Leider wird mir meine einzige Fluchtmöglichkeit genommen, als Layla vor mich tritt und mir den Einkaufszettel aus der Hand reißt. »Walnüsse, Nudeln … Spaghetti? Nein, lieber Rigatoni«, murmelt sie und beginnt, den Rest meiner Liste abzuarbeiten. Ich trage ihr den Korb hinterher, der mit jedem Gang schwerer wird.

»Ihr könntet wenigstens mal ausgehen, Flora«, lamentiert sie weiter. »Tu’s für uns. Für den Frieden von Bishop’s Hope.«

»Layla, ich …«

»Was denn? Du kannst dich nicht ewig zwischen deinen Dornenranken in deinem Schloss verstecken. Nicht, dass dich irgendwann statt dem Prinzen der böse Wolf holen kommt.«

Während sie über ihren Witz lacht, denke ich mit Schrecken an vorgestern Nacht zurück und kann geradezu spüren, wie sich bei dieser Erinnerung die Härchen auf meinen Armen aufstellen.
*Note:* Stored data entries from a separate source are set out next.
(* Let $G=(V,E)$ be a finite graph, and let $W,\widehat W$ be maps assigning nonnegative weights to connected subgraphs of $G$, such that for every connected subgraph $C$: $\widehat W(C)=0$ if $W(C)=0$, and $0<\widehat W(C)<W(C)$ if $W(C)>0$. Put $W_{\rm red}=\widehat W$, $W_{\rm blue}=W-\widehat W$, and let $\mu_{G,\mathbf W}$ be the joint measure on pairs $(A,\boldsymbol\sigma)$, $A\subseteq E$, $\boldsymbol\sigma\in\{\mathrm{red},\mathrm{blue}\}^V$, $$\mu_{G,\mathbf W}(A,\boldsymbol\sigma)\propto\Delta(A,\boldsymbol\sigma)\prod_{C\in K(A)}W_{\sigma(C)}(C).$$ Suppose that for each $\boldsymbol\sigma$ with $(A,\boldsymbol\sigma)\in\mathrm{supp}(\mu_{G,\mathbf W})$ for some $A$, $P_{G_{\rm red}(\boldsymbol\sigma),\widehat W}$ is a transition matrix on $\{A_{\rm red}\subseteq E(G_{\rm red}(\boldsymbol\sigma))\}$ with stationary distribution $\phi_{G_{\rm red}(\boldsymbol\sigma),\widehat W}$, and that $P_{G,\widehat W}$ (the case where all vertices are red) is ergodic on $\mathrm{supp}(\phi_{G,\widehat W})$. Define transition matrices on $\mathrm{supp}(\mu_{G,\mathbf W})$ by $$P_{\rm colour}[(A,\boldsymbol\sigma)\to(A',\boldsymbol\sigma')]=\delta_{A,A'}\,\Delta(A,\boldsymbol\sigma')\prod_{C\in K(A)}\frac{W_{\sigma'(C)}(C)}{W(C)},$$ $$P_{\rm bond}[(A,\boldsymbol\sigma)\to(A',\boldsymbol\sigma')]=\delta_{\boldsymbol\sigma,\boldsymbol\sigma'}\,\Delta(A',\boldsymbol\sigma)\,\delta_{A_{\rm blue},A'_{\rm blue}}\,P_{G_{\rm red}(\boldsymbol\sigma),\widehat W}[A_{\rm red}\to A'_{\rm red}].$$ Then $P:=P_{\rm colour}P_{\rm bond}$ is ergodic on $\mathrm{supp}(\mu_{G,\mathbf W})$ and has stationary distribution $\mu_{G,\mathbf W}$. (Consequently, since the marginal of $\mu_{G,\mathbf W}$ on $A$ is $\phi_{G,W}$, the $A$-component of this chain samples $\phi_{G,W}$.)
   Context: For a graph $H$ (a subgraph of $G$) and $A\subseteq E(H)$, $K(A)$ denotes the set of connected components of the spanning subgraph $(V(H),A)$, and $\phi_{H,W}(A)\propto\prod_{C\in K(A)}W(C)$ for $A\subseteq E(H)$. For $\boldsymbol\sigma\in\{\mathrm{red},\mathrm{blue}\}^V$, $\Delta(A,\boldsymbol\sigma)$ is the indicator that $\sigma_i=\sigma_j$ for every edge $ij\in A$; when $\Delta(A,\boldsymbol\sigma)=1$, $\sigma(C)$ denotes the common colour of the vertices of the component $C$. $G_{\rm red}(\boldsymbol\sigma)$ and $G_{\rm blue}(\boldsymbol\sigma)$ are the subgraphs of $G$ induced by the red and blue vertices respectively, $A_{\rm red}=A\cap E(G_{\rm red}(\boldsymbol\sigma))$ and $A_{\rm blue}=A\cap E(G_{\rm blue}(\boldsymbol\sigma))$. $\mathrm{supp}$ denotes the set of states of positive probability. "Ergodic" means irreducible. *)

theory Defs
  imports Complex_Main "HOL-Library.FuncSet"
begin
(* Let $n,d\in\mathbb N$, $d\ge2$, $u\in\mathcal U^n(\mathbb R)$, and $F:=\mathcal I_d[\mathrm{abs}*u]$. Then $F$ is even, convex, positive and $(n+2)$-times continuously differentiable, and $$F(s)=C_d|s|+\mathcal O(1/s)\quad (s\to\infty),\qquad C_d:=\frac{\Gamma(d/2)}{\sqrt\pi\,\Gamma(\frac{d+1}{2})}.$$ In particular $F-C_d\,\mathrm{abs}\in\mathcal C_0(\mathbb R)\cap L^2(\mathbb R)$, and $F'$ is bounded and continuous with $F'(0)=0$. Moreover, with $u_\varepsilon(x)=\varepsilon^{-1}u(x/\varepsilon)$ and $F^\varepsilon:=\mathcal I_d[\mathrm{abs}*u_\varepsilon]$, one has $\|F^\varepsilon-C_d\,\mathrm{abs}\|_{L^2(\mathbb R)}\to0$ and $F^\varepsilon(s)\to C_d|s|$ for every $s\in\mathbb R$ as $\varepsilon\to0$.
   Context: $\mathrm{abs}(x)=|x|$. $\mathcal U^n(\mathbb R):=\{u\in\mathcal C^n_c(\mathbb R):u\ge0,\ \hat u\ge0,\ u\text{ even},\ \int u=1\}$ with $\hat u(\omega)=\int e^{-2\pi ix\omega}u(x)\mathrm dx$. $\mathcal I_d[f](s):=c_d\int_0^1f(ts)(1-t^2)^{\frac{d-3}{2}}\mathrm dt$ with $c_d:=2w_{d-2}/w_{d-1}$, $w_{d-1}:=2\pi^{d/2}/\Gamma(d/2)$. $\mathcal C_0(\mathbb R)$: continuous functions vanishing at infinity. *)

theory Defs
  imports "HOL-Analysis.Analysis" "HOL-Library.Landau_Symbols"
begin

definition Ck :: "nat \<Rightarrow> (real \<Rightarrow> real) \<Rightarrow> bool" where
  "Ck k f \<longleftrightarrow> (\<forall>j<k. \<forall>x. ((deriv ^^ j) f) differentiable (at x)) \<and>
               (\<forall>j\<le>k. continuous_on UNIV ((deriv ^^ j) f))"

definition fourier :: "(real \<Rightarrow> real) \<Rightarrow> real \<Rightarrow> complex" where
  "fourier u w = (LINT x|lborel. cis (- 2 * pi * x * w) * complex_of_real (u x))"

definition U_class :: "nat \<Rightarrow> (real \<Rightarrow> real) set" where
  "U_class n = {u. Ck n u \<and> compact (closure {x. u x \<noteq> 0})
      \<and> (\<forall>x. u x \<ge> 0)
      \<and> (\<forall>w. fourier u w \<in> \<real> \<and> Re (fourier u w) \<ge> 0)
      \<and> (\<forall>x. u (- x) = u x)
      \<and> (LINT x|lborel. u x) = 1}"

definition abs_conv :: "(real \<Rightarrow> real) \<Rightarrow> real \<Rightarrow> real" where
  "abs_conv u x = (LINT y|lborel. \<bar>x - y\<bar> * u y)"

text \<open>w_{d-1} = 2 pi^{d/2} / Gamma(d/2), written as a function of the real d.\<close>
definition wsph :: "real \<Rightarrow> real" where
  "wsph d = 2 * pi powr (d / 2) / Gamma (d / 2)"

definition c_const :: "nat \<Rightarrow> real" where
  "c_const d = 2 * wsph (real d - 1) / wsph (real d)"

definition I_op :: "nat \<Rightarrow> (real \<Rightarrow> real) \<Rightarrow> real \<Rightarrow> real" where
  "I_op d f s = c_const d *
     (LINT t:{0..1}|lborel. f (t * s) * (1 - t\<^sup>2) powr ((real d - 3) / 2))"

definition C_const :: "nat \<Rightarrow> real" where
  "C_const d = Gamma (real d / 2) / (sqrt pi * Gamma ((real d + 1) / 2))"

end

theory Submission
  imports Defs "HOL-Probability.Sinc_Integral"
begin

text \<open>Write \<open>w(t) = (1 - t\<^sup>2)\<^bsup>(d-3)/2\<^esup>\<close> and \<open>f = |\<cdot>| * u\<close>, so that
  \<open>F(s) = c\<^sub>d \<integral>\<^sub>0\<^sup>1 f(t s) w(t) dt\<close>. If \<open>u\<close> is supported in \<open>(-r, r)\<close>, then \<open>f\<close> is even and
  convex, \<open>f' = 2 U - 1\<close> with \<open>U\<close> the distribution function of \<open>u\<close>, \<open>f'' = 2 u\<close>, and \<open>f(x) = |x|\<close>
  for \<open>|x| \<ge> r\<close>. Differentiating under the integral gives
  \<open>F\<^sup>(\<^sup>j\<^sup>)(s) = c\<^sub>d \<integral>\<^sub>0\<^sup>1 t\<^sup>j f\<^sup>(\<^sup>j\<^sup>)(t s) w(t) dt\<close>, so \<open>F\<close> inherits evenness, convexity,
  smoothness and a bounded derivative from \<open>f\<close>. Since \<open>c\<^sub>d \<integral>\<^sub>0\<^sup>1 t w(t) dt = C\<^sub>d\<close>, the defect
  \<open>F(s) - C\<^sub>d |s|\<close> is the same average of \<open>f - |\<cdot>|\<close>, to which only \<open>t < r / |s|\<close>
  contributes; this gives the \<open>O(1/s)\<close> decay and square integrability. Finally
  \<open>F\<^sup>\<epsilon>(s) = \<epsilon> F(s / \<epsilon>)\<close>, so the \<open>L\<^sup>2\<close> norm of the defect of \<open>F\<^sup>\<epsilon>\<close> is \<open>\<epsilon>\<^sup>3\<^sup>/\<^sup>2\<close>
  times that of \<open>F\<close>.\<close>

section \<open>The radial weight\<close>

definition radial_weight :: "nat \<Rightarrow> real \<Rightarrow> real" where
  "radial_weight d t = (1 - t\<^sup>2) powr ((real d - 3) / 2)"

lemma radial_weight_nonneg: "radial_weight d t \<ge> 0"
  by (simp add: radial_weight_def)

lemma radial_weight_measurable [measurable]: "radial_weight d \<in> borel_measurable borel"
  unfolding radial_weight_def by measurable

lemma has_integral_nonneg_imp_set_integrable:
  fixes f :: "real \<Rightarrow> real"
  assumes I: "(f has_integral I) S" and nonneg: "\<And>x. x \<in> S \<Longrightarrow> f x \<ge> 0"
    and [measurable]: "f \<in> borel_measurable borel" "S \<in> sets borel"
  shows "set_integrable lborel S f" "(LINT x:S|lborel. f x) = I"
proof -
  have "f absolutely_integrable_on S"
    using I nonneg by (intro nonnegative_absolutely_integrable_1) (auto simp: integrable_on_def)
  moreover have "(\<lambda>x. indicator S x *\<^sub>R f x) \<in> borel_measurable lborel"
    by measurable
  ultimately show si: "set_integrable lborel S f"
    using integrable_completion[of "\<lambda>x. indicator S x *\<^sub>R f x" lborel] unfolding set_integrable_def by simp
  show "(LINT x:S|lborel. f x) = I"
    using set_borel_integral_eq_integral(2)[OF si] I by (simp add: integral_unique)
qed

lemma has_integral_times_radial_weight:
  assumes d: "d \<ge> 2"
  shows "((\<lambda>t. t * radial_weight d t) has_integral 1 / (real d - 1)) {0..1}"
proof -
  define p where "p = (real d - 1) / 2"
  have p: "p > 0" using d by (simp add: p_def)
  define \<Phi> where "\<Phi> t = - ((1 - t\<^sup>2) powr p) / (real d - 1)" for t
  have "((\<lambda>t. t * radial_weight d t) has_integral (\<Phi> 1 - \<Phi> 0)) {0..1}"
  proof (rule fundamental_theorem_of_calculus_interior_strong[where S="{}"])
    show "continuous_on {0..1} \<Phi>" unfolding \<Phi>_def
      using p d by (intro continuous_on_divide continuous_on_minus continuous_on_powr' continuous_intros)
        (auto simp: abs_square_le_1)
    fix x :: real assume x: "x \<in> {0<..<1} - {}"
    then have x2: "x\<^sup>2 < 1" by (simp add: abs_square_less_1)
    have "((\<lambda>t. (1 - t\<^sup>2) powr p) has_real_derivative p * (1 - x\<^sup>2) powr (p - 1) * (- (2 * x))) (at x)"
      by (rule DERIV_fun_powr[of _ _ x, simplified]) (auto intro!: derivative_eq_intros simp: x2)
    then have "(\<Phi> has_real_derivative - (p * (1 - x\<^sup>2) powr (p - 1) * (- (2 * x))) / (real d - 1)) (at x)"
      unfolding \<Phi>_def by (intro DERIV_cdivide DERIV_minus)
    moreover have "p - 1 = (real d - 3) / 2" "2 * p / (real d - 1) = 1"
      using d by (simp_all add: p_def field_simps)
    ultimately have "(\<Phi> has_real_derivative (2 * p / (real d - 1)) * (x * radial_weight d x)) (at x)"
      by (simp add: radial_weight_def algebra_simps)
    then show "(\<Phi> has_vector_derivative x * radial_weight d x) (at x)"
      by (simp add: has_real_derivative_iff_has_vector_derivative \<open>2 * p / (real d - 1) = 1\<close>)
  qed auto
  moreover have "\<Phi> 1 - \<Phi> 0 = 1 / (real d - 1)" using p by (simp add: \<Phi>_def)
  ultimately show ?thesis by simp
qed

lemma
  assumes "d \<ge> 2"
  shows set_integrable_times_radial_weight: "set_integrable lborel {0..1} (\<lambda>t. t * radial_weight d t)"
    and set_integral_times_radial_weight: "(LINT t:{0..1}|lborel. t * radial_weight d t) = 1 / (real d - 1)"
  using has_integral_nonneg_imp_set_integrable[OF has_integral_times_radial_weight[OF assms]]
  by (auto simp: radial_weight_nonneg)

lemma radial_weight_le_2:
  assumes d: "d \<ge> 2" and t: "0 \<le> t" "t \<le> 1/2"
  shows "radial_weight d t \<le> 2"
proof -
  have "t\<^sup>2 \<le> 1/4" using t power_mono[of t "1/2" 2] by (simp add: power_divide)
  then have b: "3/4 \<le> 1 - t\<^sup>2" "1 - t\<^sup>2 \<le> 1" by auto
  show ?thesis
  proof (cases "d = 2")
    case True
    then have "radial_weight d t = (1 - t\<^sup>2) powr (- (1/2))" by (simp add: radial_weight_def)
    also have "\<dots> \<le> (3/4) powr (-(1/2))"
      using b by (intro powr_mono2') auto
    also have "\<dots> = inverse (sqrt (3/4))" by (simp add: powr_minus powr_half_sqrt)
    also have "\<dots> \<le> 2"
    proof -
      have "1/2 \<le> sqrt (3/4)"
        using real_sqrt_le_mono[of "1/4" "3/4"] by (simp add: real_sqrt_divide)
      from le_imp_inverse_le[OF this] show ?thesis by simp
    qed
    finally show ?thesis .
  next
    case False
    then have "radial_weight d t \<le> 1 powr ((real d - 3) / 2)"
      unfolding radial_weight_def using b d by (intro powr_mono2) auto
    then show ?thesis by simp
  qed
qed

text \<open>Near \<open>t = 1\<close> the weight is dominated by \<open>2 t w(t)\<close>, near \<open>t = 0\<close> by the constant \<open>2\<close>.\<close>
lemma set_integrable_radial_weight:
  assumes d: "d \<ge> 2"
  shows "set_integrable lborel {0..1} (radial_weight d)"
proof -
  have "set_integrable lborel {0..1} (\<lambda>t. 2 + 2 * (t * radial_weight d t))"
    by (intro set_integral_add set_integrable_mult_right set_integrable_times_radial_weight[OF d])
       (simp add: set_integrable_def integrable_mult_left)
  then show ?thesis
  proof (rule set_integrable_bound)
    show "set_borel_measurable lborel {0..1} (radial_weight d)"
      unfolding set_borel_measurable_def by measurable
    show "AE x in lborel. x \<in> {0..1} \<longrightarrow> norm (radial_weight d x) \<le> norm (2 + 2 * (x * radial_weight d x))"
    proof (intro AE_I2 impI)
      fix x :: real assume x: "x \<in> {0..1}"
      have nn: "0 \<le> x * radial_weight d x" "0 \<le> radial_weight d x"
        using x radial_weight_nonneg by simp_all
      have "radial_weight d x \<le> 2 + 2 * (x * radial_weight d x)"
      proof (cases "x \<le> 1/2")
        case True
        then have "radial_weight d x \<le> 2" using radial_weight_le_2[OF d, of x] x by simp
        then show ?thesis using nn(1) by linarith
      next
        case False
        then show ?thesis using nn mult_right_mono[of "1/2" x "radial_weight d x"] by auto
      qed
      then show "norm (radial_weight d x) \<le> norm (2 + 2 * (x * radial_weight d x))"
        using nn by simp
    qed
  qed
qed

lemma set_integral_radial_weight_pos:
  assumes d: "d \<ge> 2"
  shows "(LINT t:{0..1}|lborel. radial_weight d t) > 0"
proof -
  have "1 / (real d - 1) \<le> (LINT t:{0..1}|lborel. radial_weight d t)"
    unfolding set_integral_times_radial_weight[OF d, symmetric]
    by (rule set_integral_mono[OF set_integrable_times_radial_weight[OF d] set_integrable_radial_weight[OF d]])
      (auto simp: radial_weight_nonneg mult_left_le_one_le)
  moreover have "1 / (real d - 1) > 0" using d by simp
  ultimately show ?thesis by linarith
qed

lemma
  assumes d: "d \<ge> 2"
  shows c_const_pos: "c_const d > 0"
    and C_const_eq: "C_const d = c_const d / (real d - 1)"
proof -
  define z where "z = (real d - 1) / 2"
  have z: "z > 0" using d by (simp add: z_def)
  have Gamma_d: "Gamma ((real d + 1) / 2) = z * Gamma z"
  proof -
    have "z \<notin> \<int>\<^sub>\<le>\<^sub>0" using z nonpos_Ints_nonpos by force
    moreover have "z + 1 = (real d + 1) / 2" by (simp add: z_def field_simps)
    ultimately show ?thesis using Gamma_plus1 by metis
  qed
  have "pi powr (real d / 2) = pi powr z * sqrt pi"
  proof -
    have e: "real d / 2 = z + 1/2" by (simp add: z_def field_simps)
    show ?thesis unfolding e by (simp add: powr_add powr_half_sqrt)
  qed
  then have w: "wsph (real d - 1) = 2 * pi powr z / Gamma z"
    "wsph (real d) = 2 * pi powr z * sqrt pi / Gamma (real d / 2)"
    by (simp_all add: wsph_def z_def)
  have pos: "Gamma z > 0" "Gamma (real d / 2) > 0" using z d by simp_all
  show "c_const d > 0" unfolding c_const_def w using pos by simp
  show "C_const d = c_const d / (real d - 1)"
    unfolding C_const_def c_const_def w Gamma_d using pos z by (simp add: z_def field_simps)
qed

section \<open>Radial averages\<close>

definition radial_avg :: "(real \<Rightarrow> real) \<Rightarrow> (real \<Rightarrow> real) \<Rightarrow> real \<Rightarrow> real" where
  "radial_avg \<nu> g s = (LINT t:{0..1}|lborel. g (t * s) * \<nu> t)"

lemma I_op_eq_radial_avg: "I_op d f = (\<lambda>s. c_const d * radial_avg (radial_weight d) f s)"
  by (simp add: fun_eq_iff I_op_def radial_avg_def radial_weight_def)

lemma set_integrable_radial_avg:
  fixes g :: "real \<Rightarrow> real"
  assumes g: "continuous_on UNIV g" and \<nu>: "set_integrable lborel {0..1} \<nu>"
  shows "set_integrable lborel {0..1} (\<lambda>t. g (t * s) * \<nu> t)"
proof -
  have c: "continuous_on UNIV (\<lambda>t. g (t * s))"
    by (rule continuous_on_compose2[OF g]) (simp_all add: continuous_intros)
  have "compact ((\<lambda>t. g (t * s)) ` {0..1})"
    by (rule compact_continuous_image[OF continuous_on_subset[OF c]]) auto
  then have "bounded ((\<lambda>t. g (t * s)) ` {0..1})" by (rule compact_imp_bounded)
  then obtain M where M: "\<And>t. t \<in> {0..1} \<Longrightarrow> \<bar>g (t * s)\<bar> \<le> M"
    unfolding bounded_iff by fastforce
  have "set_integrable lborel {0..1} (\<lambda>t. M * \<nu> t)" using \<nu> by simp
  then show ?thesis
  proof (rule set_integrable_bound)
    have "(\<lambda>t. indicator {0..1} t *\<^sub>R \<nu> t) \<in> borel_measurable lborel"
      using \<nu> unfolding set_integrable_def by (rule borel_measurable_integrable)
    moreover have "(\<lambda>t. g (t * s)) \<in> borel_measurable lborel"
      by (intro borel_measurable_continuous_on[OF g]) measurable
    ultimately show "set_borel_measurable lborel {0..1} (\<lambda>t. g (t * s) * \<nu> t)"
      unfolding set_borel_measurable_def by (simp add: mult.left_commute)
    show "AE x in lborel. x \<in> {0..1} \<longrightarrow> norm (g (x * s) * \<nu> x) \<le> norm (M * \<nu> x)"
      using M by (intro AE_I2 impI) (fastforce simp: abs_mult intro: mult_right_mono)
  qed
qed
lemma abs_fst_word_eval_plus_le:
  fixes p c :: int and F K L :: real
  defines "q \<equiv> real_of_int \<bar>p\<bar>"
  assumes p: "\<bar>p\<bar> > 1"
    and gens: "\<forall>g\<in>set ws. \<bar>real_of_rat (fst g)\<bar> \<le> F \<and> \<bar>snd g\<bar> \<le> c"
    and L: "0 \<le> L" and KL: "L \<le> K"
    and FL_c: "F + L \<le> q powr c * L"
    and FL_K: "F + L \<le> K * (q powr (- c) * (q powr (1/2) - 1))"
  shows "\<bar>real_of_rat (fst (word_eval p ws))\<bar> + L
    \<le> K * q powr ((c * real (length ws) - snd (word_eval p ws)) / 2)"
  using gens
proof (induction ws)
  case Nil
  then show ?case
    using KL p by (auto simp: q_def)
next
  case (Cons g ws)
  have q: "q > 1"
    using p by (simp add: q_def)
  define E where "E = (c * real (length ws) - snd (word_eval p ws)) / 2"
  have "\<bar>sum_list (map snd ws)\<bar> \<le> c * int (length ws)"
    using Cons.prems abs_sum_list_le[of "map snd ws" c] by auto
  then have "real_of_int (sum_list (map snd ws)) \<le> c * real (length ws)"
    by (metis abs_le_D1 of_int_le_iff of_int_mult of_int_of_nat_eq)
  then have "E \<ge> 0"
    unfolding E_def snd_word_eval by simp
  have "\<bar>real_of_rat (fst (word_eval p (g # ws)))\<bar>
      \<le> \<bar>real_of_rat (fst g)\<bar>
        + \<bar>real_of_rat (of_int p powi (- snd g))\<bar> * \<bar>real_of_rat (fst (word_eval p ws))\<bar>"
    unfolding fst_word_eval_Cons of_rat_add of_rat_mult by (metis abs_mult abs_triangle_ineq)
  also have "\<bar>real_of_rat (of_int p powi (- snd g))\<bar> = q powr (- snd g)"
    using p abs_of_rat_power_int[of p "- snd g"] by (auto simp: q_def)
  finally have "\<bar>real_of_rat (fst (word_eval p (g # ws)))\<bar> + L
      \<le> F + q powr (- snd g) * \<bar>real_of_rat (fst (word_eval p ws))\<bar> + L"
    using Cons.prems by auto
  also have "\<dots> \<le> K * q powr (E + (c - snd g) / 2)"
    using Cons q \<open>E \<ge> 0\<close> L KL FL_c FL_K
    by (intro word_bound_step) (auto simp: E_def)
  also have "E + (c - snd g) / 2 = (c * real (length (g # ws)) - snd (word_eval p (g # ws))) / 2"
    by (simp add: E_def snd_word_eval field_simps)
  finally show ?case .
qed
theorem theorem4:
  fixes \<sigma> :: "bool list" and d m n :: nat
  assumes "sign_pattern \<sigma>" and "length \<sigma> = d + 1" and "odd d"
    and "compatible \<sigma> 2 1"
    and "m \<ge> 1" and "2 * m \<le> d" and "\<not> sp_sign \<sigma> (2 * m)"
    and "n \<ge> 1" and "2 * n - 1 < d" and "\<not> sp_sign \<sigma> (2 * n - 1)"
  shows "(\<exists>P \<beta> \<alpha>1 \<alpha>2. realizes_21_with_roots P \<sigma> \<beta> \<alpha>1 \<alpha>2 \<and> \<beta> < \<alpha>1 \<and> \<alpha>1 < \<alpha>2)
       \<and> (\<exists>P \<beta> \<alpha>1 \<alpha>2. realizes_21_with_roots P \<sigma> \<beta> \<alpha>1 \<alpha>2 \<and> \<beta> = \<alpha>1 \<and> \<alpha>1 < \<alpha>2)
       \<and> (\<exists>P \<beta> \<alpha>1 \<alpha>2. realizes_21_with_roots P \<sigma> \<beta> \<alpha>1 \<alpha>2 \<and> \<alpha>1 < \<beta> \<and> \<beta> < \<alpha>2)
       \<and> (\<exists>P \<beta> \<alpha>1 \<alpha>2. realizes_21_with_roots P \<sigma> \<beta> \<alpha>1 \<alpha>2 \<and> \<alpha>1 < \<alpha>2 \<and> \<alpha>2 = \<beta>)
       \<and> (\<exists>P \<beta> \<alpha>1 \<alpha>2. realizes_21_with_roots P \<sigma> \<beta> \<alpha>1 \<alpha>2 \<and> \<alpha>1 < \<alpha>2 \<and> \<alpha>2 < \<beta>)"
proof -
  have "quadrinomial_sign_pattern (2 * n - 1) (2 * m) d t \<sigma>" if "0 < t" "t \<noteq> 1" for t :: real
    using assms that by unfold_locales (auto simp: compatible_def le_less)
  note realization = quadrinomial_sign_pattern.exists_root_free_cofactor_realization[OF this]
  obtain Q1 where Q1: "\<forall>x. poly Q1 x \<noteq> 0"
    and dp1: "defines_pattern ([:1, 1:] * ([:-1, 1:] * ([:-2, 1:] * Q1))) \<sigma>"
    using realization[of 2] by auto
  obtain Q2 where Q2: "\<forall>x. poly Q2 x \<noteq> 0"
    and "defines_pattern ([:1, 1:] * ([:-1, 1:] * ([:-(1/2), 1:] * Q2))) \<sigma>"
    using realization[of "1/2"] by auto
  then have dp2: "defines_pattern ([:1, 1:] * ([:-(1/2), 1:] * ([:-1, 1:] * Q2))) \<sigma>"
    by (subst mult.left_commute)
  have "eventually (\<lambda>\<delta>. 0 < \<delta> \<and> \<delta> < 1) (at_right (0 :: real))"
    using eventually_at_right_less by (rule eventually_conj) (rule order_tendstoD(2)[OF tendsto_ident_at], simp)
  from eventually_conj[OF this eventually_realizes_21_shift_neg_root[OF Q1 dp1]]
  obtain \<delta>1 where \<delta>1: "0 < \<delta>1" "\<delta>1 < 1"
    and below: "realizes_21_with_roots ([:1 - \<delta>1, 1:] * ([:-1, 1:] * ([:-2, 1:] * Q1))) \<sigma> (1 - \<delta>1) 1 2"
    and between: "realizes_21_with_roots ([:1 + \<delta>1, 1:] * ([:-1, 1:] * ([:-2, 1:] * Q1))) \<sigma> (1 + \<delta>1) 1 2"
    using eventually_happens'[OF trivial_limit_at_right_real] by auto
  from eventually_conj[OF eventually_at_right_less eventually_realizes_21_shift_neg_root[OF Q2 dp2]]
  obtain \<delta>2 where \<delta>2: "0 < \<delta>2"
    and above: "realizes_21_with_roots ([:1 + \<delta>2, 1:] * ([:-(1/2), 1:] * ([:-1, 1:] * Q2))) \<sigma> (1 + \<delta>2) (1/2) 1"
    using eventually_happens'[OF trivial_limit_at_right_real] by auto
  have equal_low: "realizes_21_with_roots ([:1, 1:] * ([:-1, 1:] * ([:-2, 1:] * Q1))) \<sigma> 1 1 2"
    and equal_high: "realizes_21_with_roots ([:1, 1:] * ([:-(1/2), 1:] * ([:-1, 1:] * Q2))) \<sigma> 1 (1/2) 1"
    using realizes_21_with_rootsI[OF Q1 dp1] realizes_21_with_rootsI[OF Q2 dp2] by simp_all
  moreover have "1 - \<delta>1 < 1" "1 < 1 + \<delta>1" "1 + \<delta>1 < (2 :: real)" "1 < 1 + \<delta>2"
    using \<delta>1 \<delta>2 by simp_all
  ultimately show ?thesis
    using below between above by (intro conjI; fastforce)
qed

end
»Ich meine es nicht böse, das ist nur ein Rat unter Freundinnen.«

Und wenn es doch kein technischer Defekt war? Was, wenn ich recht hatte, und jemand war an meiner Tür?

»Flora? Hallo?«

»Was?«

»Ich habe gesagt: Ich würde dir nur einfach ein bisschen Spaß gönnen, das ist alles«, wiederholt sie in einem Ton, der unverkennbar deutlich macht, dass sie eine versöhnliche Antwort erwartet. Und was genau sie unter Spaß versteht.

»Es lebt sich auch ganz gut ohne, danke.«

Sie bekommt einen beinahe mitleidigen Blick. »Genau, und am Ende vereinsamst du uns noch völlig, Flora. In diesem Haus, ohne Granny, nur mit dem Kater.«

Was soll ich dazu sagen? Layla würde es nicht verstehen, das hat sie nie. Sie liebt Trubel, viele Menschen um sich herum, ständige Gespräche.

Kurz muss ich an den Brief denken, den ich noch immer ungeöffnet in meiner Manteltasche mit mir herumtrage. Ich habe ihn in der Nacht von Grannys Trauerfeier nicht geöffnet und am Morgen danach nicht, und jetzt … jetzt weiß ich nicht, ob ich ihn überhaupt jemals öffnen werde.

Mit Sarah konnte ich über so was reden. Über alles. Immer. Was, wenn das nicht mehr so ist? Was, wenn dieser Brief nichts weiter ist als der schmerzhafte Abschied, der mir bisher verwehrt wurde? Womöglich ist er damals irgendwo verlorengegangen und jetzt, fünf Jahre später, wie von Zauberhand wieder aufgetaucht.